2.3. Ceph OSDs in CRUSH
Once you have a CRUSH hierarchy for the OSDs, add OSDs to the CRUSH hierarchy. You can also move or remove OSDs from an existing hierarchy. The Ceph CLI usage has the following values:
- id
- Description
- The numeric ID of the OSD.
- Type
- Integer
- Required
- Yes
- Example
-
0
- name
- Description
- The full name of the OSD.
- Type
- String
- Required
- Yes
- Example
-
osd.0
- weight
- Description
- The CRUSH weight for the OSD.
- Type
- Double
- Required
- Yes
- Example
-
2.0
- root
- Description
- The name of the root bucket of the hierarchy or tree in which the OSD resides.
- Type
- Key-value pair.
- Required
- Yes
- Example
-
root=default
,root=replicated_rule
, and so on
- bucket-type
- Description
- One or more name-value pairs, where the name is the bucket type and the value is the bucket’s name. You can specify a CRUSH location for an OSD in the CRUSH hierarchy.
- Type
- Key-value pairs.
- Required
- No
- Example
-
datacenter=dc1 room=room1 row=foo rack=bar host=foo-bar-1
2.3.1. Viewing OSDs in CRUSH
The ceph osd crush tree
command prints CRUSH buckets and items in a tree view. Use this command to determine a list of OSDs in a particular bucket. It will print output similar to ceph osd tree
.
To return additional details, execute the following:
# ceph osd crush tree -f json-pretty
The command returns an output similar to the following:
[ { "id": -2, "name": "ssd", "type": "root", "type_id": 10, "items": [ { "id": -6, "name": "dell-per630-11-ssd", "type": "host", "type_id": 1, "items": [ { "id": 6, "name": "osd.6", "type": "osd", "type_id": 0, "crush_weight": 0.099991, "depth": 2 } ] }, { "id": -7, "name": "dell-per630-12-ssd", "type": "host", "type_id": 1, "items": [ { "id": 7, "name": "osd.7", "type": "osd", "type_id": 0, "crush_weight": 0.099991, "depth": 2 } ] }, { "id": -8, "name": "dell-per630-13-ssd", "type": "host", "type_id": 1, "items": [ { "id": 8, "name": "osd.8", "type": "osd", "type_id": 0, "crush_weight": 0.099991, "depth": 2 } ] } ] }, { "id": -1, "name": "default", "type": "root", "type_id": 10, "items": [ { "id": -3, "name": "dell-per630-11", "type": "host", "type_id": 1, "items": [ { "id": 0, "name": "osd.0", "type": "osd", "type_id": 0, "crush_weight": 0.449997, "depth": 2 }, { "id": 3, "name": "osd.3", "type": "osd", "type_id": 0, "crush_weight": 0.289993, "depth": 2 } ] }, { "id": -4, "name": "dell-per630-12", "type": "host", "type_id": 1, "items": [ { "id": 1, "name": "osd.1", "type": "osd", "type_id": 0, "crush_weight": 0.449997, "depth": 2 }, { "id": 4, "name": "osd.4", "type": "osd", "type_id": 0, "crush_weight": 0.289993, "depth": 2 } ] }, { "id": -5, "name": "dell-per630-13", "type": "host", "type_id": 1, "items": [ { "id": 2, "name": "osd.2", "type": "osd", "type_id": 0, "crush_weight": 0.449997, "depth": 2 }, { "id": 5, "name": "osd.5", "type": "osd", "type_id": 0, "crush_weight": 0.289993, "depth": 2 } ] } ] } ]
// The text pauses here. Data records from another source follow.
(* Let $d\ge1$ and $f\in\mathcal{S}(\mathbb{R}^d)$ with $f(x_0)\neq0$ for some $x_0\in\mathbb{R}^d$. Let $(\xi_x)_{x\in\mathbb{Z}^d}$ be i.i.d. $\mathbb{R}^d$-valued random variables that are not a.s. constant, and $T_r^0=\sum_{x\in\mathbb{Z}^d} f((x+\xi_x)/r)$. Let $h:(0,\infty)\to(0,\infty)$ satisfy $\lim_{r\to\infty}h(r)=0$. Then there exist $C>0$ and $r_0>0$ such that for all $r>r_0$, $\operatorname{Var}[T_r^0]\ge C r^{d-2}h(r)$.
   Context: $\mathcal{S}(\mathbb{R}^d)$ denotes the Schwartz space. *)

theory Defs
  imports "HOL-Probability.Probability"
begin

definition partial_coord :: "'n::finite \<Rightarrow> (real^'n \<Rightarrow> real) \<Rightarrow> real^'n \<Rightarrow> real" where
  "partial_coord i g x = deriv (\<lambda>t. g (x + t *\<^sub>R axis i 1)) 0"

fun iter_partial :: "'n::finite list \<Rightarrow> (real^'n \<Rightarrow> real) \<Rightarrow> real^'n \<Rightarrow> real" where
  "iter_partial [] g = g"
| "iter_partial (i # is) g = partial_coord i (iter_partial is g)"

text \<open>Schwartz space S(R^d) (real-valued): all iterated partial derivatives exist and are
  (Frechet) differentiable everywhere, i.e. f is C^infinity, and every derivative decays
  faster than any polynomial.\<close>
definition schwartz :: "(real^'n::finite \<Rightarrow> real) \<Rightarrow> bool" where
  "schwartz f \<longleftrightarrow>
     (\<forall>is x. iter_partial is f differentiable (at x)) \<and>
     (\<forall>is (N::nat). \<exists>C. \<forall>x. (1 + norm x) ^ N * \<bar>iter_partial is f x\<bar> \<le> C)"

definition lat :: "int^'n::finite \<Rightarrow> real^'n" where
  "lat x = (\<chi> i. real_of_int (x $ i))"

end

theory Submission
  imports Defs
begin

(*
  Since xi_0 is not almost surely constant, its law has two distinct support points p and q.
  A nonzero Schwartz function is not constant along the direction p - q, so by continuity
  some directional derivative of f in direction u - v stays above gamma > 0 for all base
  points near some z0 and all u near a, v near b, where {a, b} = {p, q}. For each of the
  order r^d lattice points x with x/r near z0, the summand f((x + xi_x)/r) therefore differs
  by at least gamma/r between the events "xi_x near a" and "xi_x near b", both of probability
  bounded below, so its variance is of order r^-2. The summands are independent and their
  absolute values have uniformly summable expectations, so the variance of the whole sum
  dominates the sum of these variances, which is of order r^(d-2); this exceeds
  r^(d-2) h(r) as soon as h(r) <= 1.
*)

section \<open>Lattice sums and lattice point counts\<close>

lemma sum_inverse_square_inj_le:
  assumes "finite A" "inj_on g A"
  shows "(\<Sum>j\<in>A. 1 / (1 + real (g j))^2) \<le> pi^2 / 6"
proof -
  have basel: "(\<lambda>n. 1 / (1 + real n)^2) sums (pi^2 / 6)"
    using inverse_squares_sums by simp
  have "(\<Sum>j\<in>A. 1 / (1 + real (g j))^2) = (\<Sum>n\<in>g ` A. 1 / (1 + real n)^2)"
    using assms(2) by (simp add: sum.reindex)
  also have "\<dots> \<le> (\<Sum>n. 1 / (1 + real n)^2)"
    by (rule sum_le_suminf) (use basel assms(1) in \<open>auto simp: sums_iff\<close>)
  also have "\<dots> = pi^2 / 6"
    using basel by (simp add: sums_iff)
  finally show ?thesis .
qed

lemma sum_inverse_square_int_le:
  assumes "finite (J :: int set)"
  shows "(\<Sum>j\<in>J. 1 / (1 + \<bar>real_of_int j\<bar>)^2) \<le> pi^2 / 3"
proof -
  let ?g = "\<lambda>j::int. 1 / (1 + \<bar>real_of_int j\<bar>)^2"
  have "sum ?g J = sum ?g {j\<in>J. 0 \<le> j} + sum ?g {j\<in>J. j < 0}"
    using assms by (subst sum.union_disjoint[symmetric]) (auto intro: sum.cong)
  also have "sum ?g {j\<in>J. 0 \<le> j} = (\<Sum>j\<in>{j\<in>J. 0 \<le> j}. 1 / (1 + real (nat j))^2)"
    by (intro sum.cong) auto
  also have "\<dots> \<le> pi^2 / 6"
    using assms by (intro sum_inverse_square_inj_le) (auto simp: inj_on_def)
  also have "sum ?g {j\<in>J. j < 0} = (\<Sum>j\<in>{j\<in>J. j < 0}. 1 / (1 + real (nat (- j)))^2)"
    by (intro sum.cong) auto
  also have "\<dots> \<le> pi^2 / 6"
    using assms by (intro sum_inverse_square_inj_le) (auto simp: inj_on_def)
  finally show ?thesis by simp
qed

lemma sum_inverse_square_int_shift_le:
  assumes "finite (K :: int set)"
  shows "(\<Sum>k\<in>K. 1 / (1 + \<bar>real_of_int k + c\<bar>)^2) \<le> 4 * pi^2 / 3"
proof -
  define m where "m = \<lfloor>c\<rfloor>"
  have term_le: "1 / (1 + \<bar>real_of_int k + c\<bar>)^2 \<le> 4 * (1 / (1 + \<bar>real_of_int (k + m)\<bar>)^2)" for k
  proof -
    have "\<bar>real_of_int m - c\<bar> < 1"
      unfolding m_def abs_less_iff by linarith
    moreover have "\<bar>real_of_int (k + m)\<bar> \<le> \<bar>real_of_int k + c\<bar> + \<bar>real_of_int m - c\<bar>"
      using abs_triangle_ineq[of "real_of_int k + c" "real_of_int m - c"] by simp
    ultimately have "1 + \<bar>real_of_int (k + m)\<bar> \<le> 2 * (1 + \<bar>real_of_int k + c\<bar>)"
      by (smt (verit))
    then have "(1 + \<bar>real_of_int (k + m)\<bar>)^2 \<le> (2 * (1 + \<bar>real_of_int k + c\<bar>))^2"
      by (intro power_mono) auto
    have "1 / (1 + \<bar>real_of_int k + c\<bar>)^2 = 4 / (2 * (1 + \<bar>real_of_int k + c\<bar>))^2"
      unfolding power_mult_distrib by simp
    also have "\<dots> \<le> 4 / (1 + \<bar>real_of_int (k + m)\<bar>)^2"
      using \<open>(1 + _)^2 \<le> _\<close> by (intro divide_left_mono) (auto intro: add_pos_nonneg)
    finally show ?thesis
      by simp
  qed
  have "(\<Sum>k\<in>K. 1 / (1 + \<bar>real_of_int k + c\<bar>)^2) \<le> 4 * (\<Sum>k\<in>K. 1 / (1 + \<bar>real_of_int (k + m)\<bar>)^2)"
    unfolding sum_distrib_left by (intro sum_mono term_le)
  also have "(\<Sum>k\<in>K. 1 / (1 + \<bar>real_of_int (k + m)\<bar>)^2) = (\<Sum>j\<in>(\<lambda>k. k + m) ` K. 1 / (1 + \<bar>real_of_int j\<bar>)^2)"
    by (simp add: sum.reindex)
  also have "\<dots> \<le> pi^2 / 3"
    using assms by (intro sum_inverse_square_int_le) simp
  finally show ?thesis by simp
qed

lemma sum_prod_components_le:
  fixes F :: "('a^'n::finite) set"
    and \<psi> :: "'n \<Rightarrow> 'a \<Rightarrow> real"
  assumes "finite F" "\<And>i k. 0 \<le> \<psi> i k"
  shows "(\<Sum>x\<in>F. \<Prod>i\<in>UNIV. \<psi> i (x $ i)) \<le> (\<Prod>i\<in>UNIV. \<Sum>k\<in>(\<lambda>x. x $ i) ` F. \<psi> i k)"
proof -
  have "(\<Sum>x\<in>F. \<Prod>i\<in>UNIV. \<psi> i (x $ i)) = (\<Sum>v\<in>vec_nth ` F. \<Prod>i\<in>UNIV. \<psi> i (v i))"
    by (subst sum.reindex) (auto simp: inj_on_def vec_eq_iff)
  also have "\<dots> \<le> (\<Sum>v\<in>PiE UNIV (\<lambda>i. (\<lambda>x. x $ i) ` F). \<Prod>i\<in>UNIV. \<psi> i (v i))"
    using assms by (intro sum_mono2 finite_PiE prod_nonneg) auto
  also have "\<dots> = (\<Prod>i\<in>UNIV. \<Sum>k\<in>(\<lambda>x. x $ i) ` F. \<psi> i k)"
    using assms(1) by (intro prod_sum_PiE[symmetric]) auto
  finally show ?thesis .
qed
In RHCS 3 and later, an OSD object will also have a device_class
attribute.
2.3.2. Adding an OSD to CRUSH
Adding an OSD to a CRUSH hierarchy is the final step before you may start an OSD (rendering it up
and in
) and Ceph assigns placement groups to the OSD.
In RHCS 3, you may also add a device class.
You must prepare an OSD before you add it to the CRUSH hierarchy. Deployment utilities, such the Ansible automation application, performs this step for you. See Adding/Removing OSDs for additional details.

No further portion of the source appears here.